> [What is needed]:
Would you please copy every line below that includes the string "else"?

START Working data

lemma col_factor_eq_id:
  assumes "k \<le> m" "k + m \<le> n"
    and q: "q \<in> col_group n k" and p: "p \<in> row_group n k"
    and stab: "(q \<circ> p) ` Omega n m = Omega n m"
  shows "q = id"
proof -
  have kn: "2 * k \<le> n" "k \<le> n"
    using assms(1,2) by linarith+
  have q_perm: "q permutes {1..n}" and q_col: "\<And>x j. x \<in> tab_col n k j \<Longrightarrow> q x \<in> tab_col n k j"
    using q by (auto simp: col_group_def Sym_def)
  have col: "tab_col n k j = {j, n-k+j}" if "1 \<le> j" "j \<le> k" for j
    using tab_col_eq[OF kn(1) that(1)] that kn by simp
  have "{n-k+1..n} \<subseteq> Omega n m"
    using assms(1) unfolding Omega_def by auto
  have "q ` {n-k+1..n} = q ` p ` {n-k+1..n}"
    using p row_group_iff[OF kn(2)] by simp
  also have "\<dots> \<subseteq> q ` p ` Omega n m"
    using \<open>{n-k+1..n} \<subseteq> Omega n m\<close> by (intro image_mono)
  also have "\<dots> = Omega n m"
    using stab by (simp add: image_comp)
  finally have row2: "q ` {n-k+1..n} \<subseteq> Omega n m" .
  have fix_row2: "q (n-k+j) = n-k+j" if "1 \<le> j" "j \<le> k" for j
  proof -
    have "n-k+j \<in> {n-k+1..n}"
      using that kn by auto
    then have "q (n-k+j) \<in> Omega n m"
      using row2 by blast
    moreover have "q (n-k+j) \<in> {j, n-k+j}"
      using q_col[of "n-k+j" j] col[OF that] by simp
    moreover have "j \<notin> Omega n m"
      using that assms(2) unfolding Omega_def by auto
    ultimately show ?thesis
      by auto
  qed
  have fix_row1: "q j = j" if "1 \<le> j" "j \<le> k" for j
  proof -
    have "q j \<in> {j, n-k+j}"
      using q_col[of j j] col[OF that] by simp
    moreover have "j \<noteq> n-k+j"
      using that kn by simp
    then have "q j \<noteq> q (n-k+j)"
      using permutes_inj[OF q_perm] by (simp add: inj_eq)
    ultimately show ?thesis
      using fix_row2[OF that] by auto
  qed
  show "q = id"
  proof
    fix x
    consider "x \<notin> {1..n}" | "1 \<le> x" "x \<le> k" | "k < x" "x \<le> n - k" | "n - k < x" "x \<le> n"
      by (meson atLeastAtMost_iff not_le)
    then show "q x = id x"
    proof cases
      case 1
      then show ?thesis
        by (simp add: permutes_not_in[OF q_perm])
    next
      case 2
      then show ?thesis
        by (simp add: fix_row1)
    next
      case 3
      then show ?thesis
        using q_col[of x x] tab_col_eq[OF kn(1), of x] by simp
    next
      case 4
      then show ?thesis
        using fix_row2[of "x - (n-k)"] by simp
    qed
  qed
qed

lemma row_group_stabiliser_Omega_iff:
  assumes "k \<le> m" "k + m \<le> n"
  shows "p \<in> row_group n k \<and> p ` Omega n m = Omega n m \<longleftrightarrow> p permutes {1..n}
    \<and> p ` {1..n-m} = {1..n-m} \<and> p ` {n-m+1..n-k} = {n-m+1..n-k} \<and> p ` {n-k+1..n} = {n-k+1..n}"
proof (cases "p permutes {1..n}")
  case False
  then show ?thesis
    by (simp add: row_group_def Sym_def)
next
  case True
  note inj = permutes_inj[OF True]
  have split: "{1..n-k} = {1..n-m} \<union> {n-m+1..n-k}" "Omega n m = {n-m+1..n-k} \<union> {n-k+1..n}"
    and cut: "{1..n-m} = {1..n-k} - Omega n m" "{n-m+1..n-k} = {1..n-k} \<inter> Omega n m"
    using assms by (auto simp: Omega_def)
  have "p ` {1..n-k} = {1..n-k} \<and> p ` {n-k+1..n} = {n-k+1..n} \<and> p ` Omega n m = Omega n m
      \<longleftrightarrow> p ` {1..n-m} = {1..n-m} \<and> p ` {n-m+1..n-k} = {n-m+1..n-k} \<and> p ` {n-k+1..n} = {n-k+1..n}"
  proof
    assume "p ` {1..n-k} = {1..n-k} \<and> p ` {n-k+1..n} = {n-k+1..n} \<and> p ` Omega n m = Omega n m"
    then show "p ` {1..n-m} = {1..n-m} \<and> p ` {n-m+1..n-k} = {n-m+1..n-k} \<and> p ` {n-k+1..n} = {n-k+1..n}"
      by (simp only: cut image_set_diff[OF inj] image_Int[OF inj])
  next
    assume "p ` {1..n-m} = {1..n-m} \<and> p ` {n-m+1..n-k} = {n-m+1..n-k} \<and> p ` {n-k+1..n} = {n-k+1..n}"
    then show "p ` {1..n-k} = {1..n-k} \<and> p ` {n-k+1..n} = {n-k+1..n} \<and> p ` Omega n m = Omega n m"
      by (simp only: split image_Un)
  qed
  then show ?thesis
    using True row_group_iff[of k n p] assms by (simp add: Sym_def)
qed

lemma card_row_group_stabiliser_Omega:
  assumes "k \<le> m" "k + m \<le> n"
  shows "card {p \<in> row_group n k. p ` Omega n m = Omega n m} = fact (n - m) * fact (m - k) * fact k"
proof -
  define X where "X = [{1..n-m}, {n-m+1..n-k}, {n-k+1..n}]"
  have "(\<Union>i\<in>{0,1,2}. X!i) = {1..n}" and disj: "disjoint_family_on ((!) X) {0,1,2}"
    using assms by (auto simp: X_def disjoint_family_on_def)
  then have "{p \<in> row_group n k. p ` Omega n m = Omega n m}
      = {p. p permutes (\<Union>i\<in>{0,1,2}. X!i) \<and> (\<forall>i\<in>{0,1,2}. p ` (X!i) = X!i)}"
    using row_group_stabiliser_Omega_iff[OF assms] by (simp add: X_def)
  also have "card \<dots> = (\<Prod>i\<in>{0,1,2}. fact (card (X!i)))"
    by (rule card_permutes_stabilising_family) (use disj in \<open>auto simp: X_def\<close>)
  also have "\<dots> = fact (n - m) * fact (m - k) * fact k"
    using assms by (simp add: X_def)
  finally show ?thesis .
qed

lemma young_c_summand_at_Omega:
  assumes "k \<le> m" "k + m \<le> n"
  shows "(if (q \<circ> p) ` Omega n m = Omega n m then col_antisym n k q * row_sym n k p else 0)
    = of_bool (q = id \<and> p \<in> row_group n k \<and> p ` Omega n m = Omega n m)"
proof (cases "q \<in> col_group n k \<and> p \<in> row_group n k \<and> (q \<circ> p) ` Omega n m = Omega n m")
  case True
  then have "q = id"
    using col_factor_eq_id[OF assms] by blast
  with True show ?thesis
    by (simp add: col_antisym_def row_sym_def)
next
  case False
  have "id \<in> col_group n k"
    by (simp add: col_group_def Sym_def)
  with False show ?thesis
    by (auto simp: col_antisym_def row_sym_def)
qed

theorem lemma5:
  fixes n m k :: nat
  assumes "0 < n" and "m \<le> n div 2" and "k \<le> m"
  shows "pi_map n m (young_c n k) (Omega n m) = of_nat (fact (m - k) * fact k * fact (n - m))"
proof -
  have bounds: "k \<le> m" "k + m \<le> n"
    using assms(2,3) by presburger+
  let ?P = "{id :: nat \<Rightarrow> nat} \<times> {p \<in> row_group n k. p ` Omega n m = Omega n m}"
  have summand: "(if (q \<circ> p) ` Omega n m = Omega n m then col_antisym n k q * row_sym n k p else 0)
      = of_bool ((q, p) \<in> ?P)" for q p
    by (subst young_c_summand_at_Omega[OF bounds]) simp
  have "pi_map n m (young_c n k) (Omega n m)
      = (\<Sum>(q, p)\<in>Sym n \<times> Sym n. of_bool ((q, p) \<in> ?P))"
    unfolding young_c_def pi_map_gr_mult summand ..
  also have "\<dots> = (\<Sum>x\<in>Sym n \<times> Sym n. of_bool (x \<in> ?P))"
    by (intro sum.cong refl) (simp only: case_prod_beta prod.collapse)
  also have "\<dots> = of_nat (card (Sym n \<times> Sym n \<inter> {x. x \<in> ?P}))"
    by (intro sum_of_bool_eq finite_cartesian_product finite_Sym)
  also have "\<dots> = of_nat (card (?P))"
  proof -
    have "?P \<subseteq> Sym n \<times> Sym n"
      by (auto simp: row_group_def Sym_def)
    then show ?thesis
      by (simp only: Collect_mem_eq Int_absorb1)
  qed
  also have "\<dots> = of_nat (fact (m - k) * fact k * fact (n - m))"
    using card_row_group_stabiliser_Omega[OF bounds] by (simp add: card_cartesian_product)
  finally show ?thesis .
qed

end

END Working data
START Working data

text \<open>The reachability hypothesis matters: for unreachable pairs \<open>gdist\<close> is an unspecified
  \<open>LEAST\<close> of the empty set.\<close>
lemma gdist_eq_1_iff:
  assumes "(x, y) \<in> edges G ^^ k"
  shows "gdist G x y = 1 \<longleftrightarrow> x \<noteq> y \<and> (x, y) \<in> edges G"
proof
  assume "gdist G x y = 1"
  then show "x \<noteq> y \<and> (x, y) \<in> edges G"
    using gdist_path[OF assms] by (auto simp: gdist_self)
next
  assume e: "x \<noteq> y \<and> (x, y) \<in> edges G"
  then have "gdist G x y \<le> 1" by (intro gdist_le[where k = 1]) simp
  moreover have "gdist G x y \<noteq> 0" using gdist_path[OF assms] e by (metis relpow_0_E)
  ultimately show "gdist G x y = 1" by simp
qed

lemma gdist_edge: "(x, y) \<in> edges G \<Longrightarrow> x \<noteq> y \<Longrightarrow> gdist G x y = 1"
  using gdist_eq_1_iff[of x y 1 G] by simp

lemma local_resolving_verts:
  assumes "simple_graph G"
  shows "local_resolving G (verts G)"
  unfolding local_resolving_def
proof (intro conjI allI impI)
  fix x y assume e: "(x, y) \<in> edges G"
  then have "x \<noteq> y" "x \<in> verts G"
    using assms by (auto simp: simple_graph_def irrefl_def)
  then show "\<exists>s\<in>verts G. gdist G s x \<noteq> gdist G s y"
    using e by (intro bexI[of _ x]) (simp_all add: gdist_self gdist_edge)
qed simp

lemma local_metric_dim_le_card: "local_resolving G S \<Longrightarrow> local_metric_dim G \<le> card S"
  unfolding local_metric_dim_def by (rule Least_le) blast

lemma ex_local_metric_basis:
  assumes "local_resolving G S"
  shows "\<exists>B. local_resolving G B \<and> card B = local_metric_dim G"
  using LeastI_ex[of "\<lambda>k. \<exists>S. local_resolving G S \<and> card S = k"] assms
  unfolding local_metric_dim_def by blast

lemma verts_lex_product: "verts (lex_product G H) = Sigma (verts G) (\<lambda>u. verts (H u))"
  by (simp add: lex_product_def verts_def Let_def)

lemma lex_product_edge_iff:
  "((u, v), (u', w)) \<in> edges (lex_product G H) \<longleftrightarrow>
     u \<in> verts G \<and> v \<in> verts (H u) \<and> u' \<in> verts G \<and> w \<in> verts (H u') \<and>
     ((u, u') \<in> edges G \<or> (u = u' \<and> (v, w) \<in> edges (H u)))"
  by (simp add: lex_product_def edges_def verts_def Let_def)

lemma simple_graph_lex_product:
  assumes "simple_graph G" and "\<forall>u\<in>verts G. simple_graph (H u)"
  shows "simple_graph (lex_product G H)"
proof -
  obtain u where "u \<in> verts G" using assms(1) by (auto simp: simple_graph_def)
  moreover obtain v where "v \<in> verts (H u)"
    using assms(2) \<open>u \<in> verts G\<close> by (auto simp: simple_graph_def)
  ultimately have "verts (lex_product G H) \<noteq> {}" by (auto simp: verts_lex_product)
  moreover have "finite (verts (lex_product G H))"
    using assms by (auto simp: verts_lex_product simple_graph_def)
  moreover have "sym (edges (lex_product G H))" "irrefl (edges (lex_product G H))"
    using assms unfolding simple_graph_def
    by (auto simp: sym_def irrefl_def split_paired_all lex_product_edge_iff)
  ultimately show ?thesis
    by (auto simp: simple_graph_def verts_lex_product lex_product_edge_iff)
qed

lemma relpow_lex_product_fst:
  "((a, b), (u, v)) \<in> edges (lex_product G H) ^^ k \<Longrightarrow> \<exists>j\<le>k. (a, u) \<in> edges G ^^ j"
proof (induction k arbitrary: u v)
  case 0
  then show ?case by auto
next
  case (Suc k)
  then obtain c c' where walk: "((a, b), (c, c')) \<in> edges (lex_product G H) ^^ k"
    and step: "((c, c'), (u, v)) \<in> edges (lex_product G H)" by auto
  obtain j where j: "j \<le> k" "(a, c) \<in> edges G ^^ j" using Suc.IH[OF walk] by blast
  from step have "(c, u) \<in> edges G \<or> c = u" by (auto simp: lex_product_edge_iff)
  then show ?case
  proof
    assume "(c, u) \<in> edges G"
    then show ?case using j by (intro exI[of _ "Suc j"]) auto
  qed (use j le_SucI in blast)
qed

END Working data

> [Response for this exercise]:
  shows "(if (q \<circ> p) ` Omega n m = Omega n m then col_antisym n k q * row_sym n k p else 0)
  have summand: "(if (q \<circ> p) ` Omega n m = Omega n m then col_antisym n k q * row_sym n k p else 0)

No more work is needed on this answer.